— Problem to work on —
Go through the entries below and count the lines holding the word "definition". Reply with only the number, please.

— Dataset records —
********************
lemma models_defining_sentence_iff:
  assumes "length w \<ge> 1" "length w' \<ge> 1"
  shows "models w' (defining_sentence w) \<longleftrightarrow> w' = w"
proof -
  have "w \<noteq> []" "length w \<le> 3 ^ ceil_log3 (length w) + 1"
    using assms(1) le_pow3_ceil_log3 by (auto simp: le_SucI)
  then have "models w' (defining_sentence w) \<longleftrightarrow> spells w' 1 (length w') w"
    using assms sat_prefix_seg[of w' w "ceil_log3 (length w)" MinC MaxC "\<lambda>_. 1"]
    by (simp add: models_def defining_sentence_def sat_prenex)
  also have "\<dots> \<longleftrightarrow> w' = w"
    by (rule spells_whole)
  finally show ?thesis .
qed

theorem mainTheorem10:
  shows "\<exists>C::real. \<forall>w::bool list. length w \<ge> 1 \<longrightarrow>
           (\<exists>\<phi>. sentence \<phi> \<and> real (qcount \<phi>) \<le> 3 * log 3 (real (length w)) + C
               \<and> models w \<phi>
               \<and> (\<forall>w'::bool list. length w' \<ge> 1 \<and> w' \<noteq> w \<longrightarrow> \<not> models w' \<phi>))"
proof (rule exI[of _ 4], intro allI impI)
  fix w :: "bool list"
  assume w: "length w \<ge> 1"
  have "real (qcount (defining_sentence w)) \<le> 3 * log 3 (real (length w)) + 4"
    using ceil_log3_less_log[OF w] by (simp add: qcount_defining_sentence)
  then show "\<exists>\<phi>. sentence \<phi> \<and> real (qcount \<phi>) \<le> 3 * log 3 (real (length w)) + 4
      \<and> models w \<phi> \<and> (\<forall>w'. length w' \<ge> 1 \<and> w' \<noteq> w \<longrightarrow> \<not> models w' \<phi>)"
    using w sentence_defining_sentence models_defining_sentence_iff by blast
qed

end
(* Let $\mu:[0,1)\to(0,\infty)$ be decreasing and continuous with $\lim_{r\to1^-}\mu(r)=0$, and suppose there is $B>0$ such that $\mu(1-d/2)\ge B\,\mu(1-d)$ for all $d\in(0,1]$. Let $u(z)=\operatorname{Re}\sum_k a_{n_k}z^{n_k}$ be a Hadamard gap series ($n_k$ positive integers, $n_{k+1}\ge\lambda n_k$, $\lambda>1$) converging in $\mathbb{D}$. Then $u\in\mathcal{B}_\mu$ if and only if there is $C$ such that $\sum_{n_k\le N}n_k|a_{n_k}|\le \dfrac{C}{\mu(1-1/N)}$ for all $N\in\mathbb{N}$.
   Context: The Bloch-type space $\mathcal{B}_\mu$ is the set of harmonic functions $u$ on the unit disk $\mathbb{D}$ with $\|u\|_{\mathcal{B}_\mu}=\sup_{z\in\mathbb{D}}\big(|u(0)|+\mu(|z|)\,|\nabla u(z)|\big)<\infty$. *)

theory Defs
  imports "HOL-Analysis.Analysis"
begin

definition dx :: "(complex \<Rightarrow> real) \<Rightarrow> complex \<Rightarrow> real" where
  "dx u z = deriv (\<lambda>t::real. u (z + of_real t)) 0"

definition dy :: "(complex \<Rightarrow> real) \<Rightarrow> complex \<Rightarrow> real" where
  "dy u z = deriv (\<lambda>t::real. u (z + \<i> * of_real t)) 0"

definition grad_norm :: "(complex \<Rightarrow> real) \<Rightarrow> complex \<Rightarrow> real" where
  "grad_norm u z = sqrt ((dx u z)\<^sup>2 + (dy u z)\<^sup>2)"

definition harmonic_on :: "complex set \<Rightarrow> (complex \<Rightarrow> real) \<Rightarrow> bool" where
  "harmonic_on S u \<longleftrightarrow> open S \<and>
     (\<forall>z\<in>S. u differentiable at z \<and> dx u differentiable at z \<and> dy u differentiable at z) \<and>
     continuous_on S (dx (dx u)) \<and> continuous_on S (dx (dy u)) \<and>
     continuous_on S (dy (dx u)) \<and> continuous_on S (dy (dy u)) \<and>
     (\<forall>z\<in>S. dx (dx u) z + dy (dy u) z = 0)"

definition bloch_type :: "(real \<Rightarrow> real) \<Rightarrow> (complex \<Rightarrow> real) \<Rightarrow> bool" where
  "bloch_type \<mu> u \<longleftrightarrow> harmonic_on (ball 0 1) u \<and>
     (\<exists>M. \<forall>z\<in>ball 0 1. \<bar>u 0\<bar> + \<mu> (norm z) * grad_norm u z \<le> M)"

end

theory Submission
  imports Defs "HOL-Complex_Analysis.Cauchy_Integral_Formula"
begin

(* Write F z = (\<Sum>k. a k * z ^ n k), so that u = Re F.  F is holomorphic in the unit disc, hence
   u is harmonic with |grad u| = |F'|; since u 0 = 0, u belongs to the Bloch-type space iff
   \<mu>(|z|) * |F'(z)| is bounded on the disc (bloch_type_gap_series_iff).

   Necessity.  Hadamard gap sequences are Sidon sequences (hadamard_gap_sidon): the l1-norm of the
   coefficients of a trigonometric polynomial with gap frequencies is controlled by its sup-norm.
   This is proved one residue class of indices at a time with discrete Riesz products on the roots
   of unity.  Applied to z * F'(z) = (\<Sum>k. n k * a k * z ^ n k) on the circle |z| = r, with
   r = 1 - 1/N, it gives the coefficient condition.

   Sufficiency.  For r close to 1 let N0 be about 1 / (1 - r).  In \<Sum> n k * |a k| * r ^ (n k - 1)
   the frequencies below N0 are bounded by the hypothesis directly; above N0 the doubling condition
   makes 1 / \<mu>(1 - 1/x) grow only polynomially, which the decay of r ^ n k beats, and the gap
   condition makes \<Sum> 1 / n k geometric. *)

section \<open>Real parts of holomorphic functions\<close>

lemma Re_scaled_has_derivative:
  assumes "(g has_field_derivative g') (at z)"
  shows "((\<lambda>w. Re (\<alpha> * g w)) has_derivative (\<lambda>v. Re (\<alpha> * (g' * v)))) (at z)"
proof -
  have "bounded_linear (\<lambda>x. Re (\<alpha> * x))"
    by (rule bounded_linear_compose[OF bounded_linear_Re bounded_linear_mult_right])
  from bounded_linear.has_derivative[OF this has_field_derivative_imp_has_derivative[OF assms]]
  show ?thesis .
qed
********************
— Result for this task —
5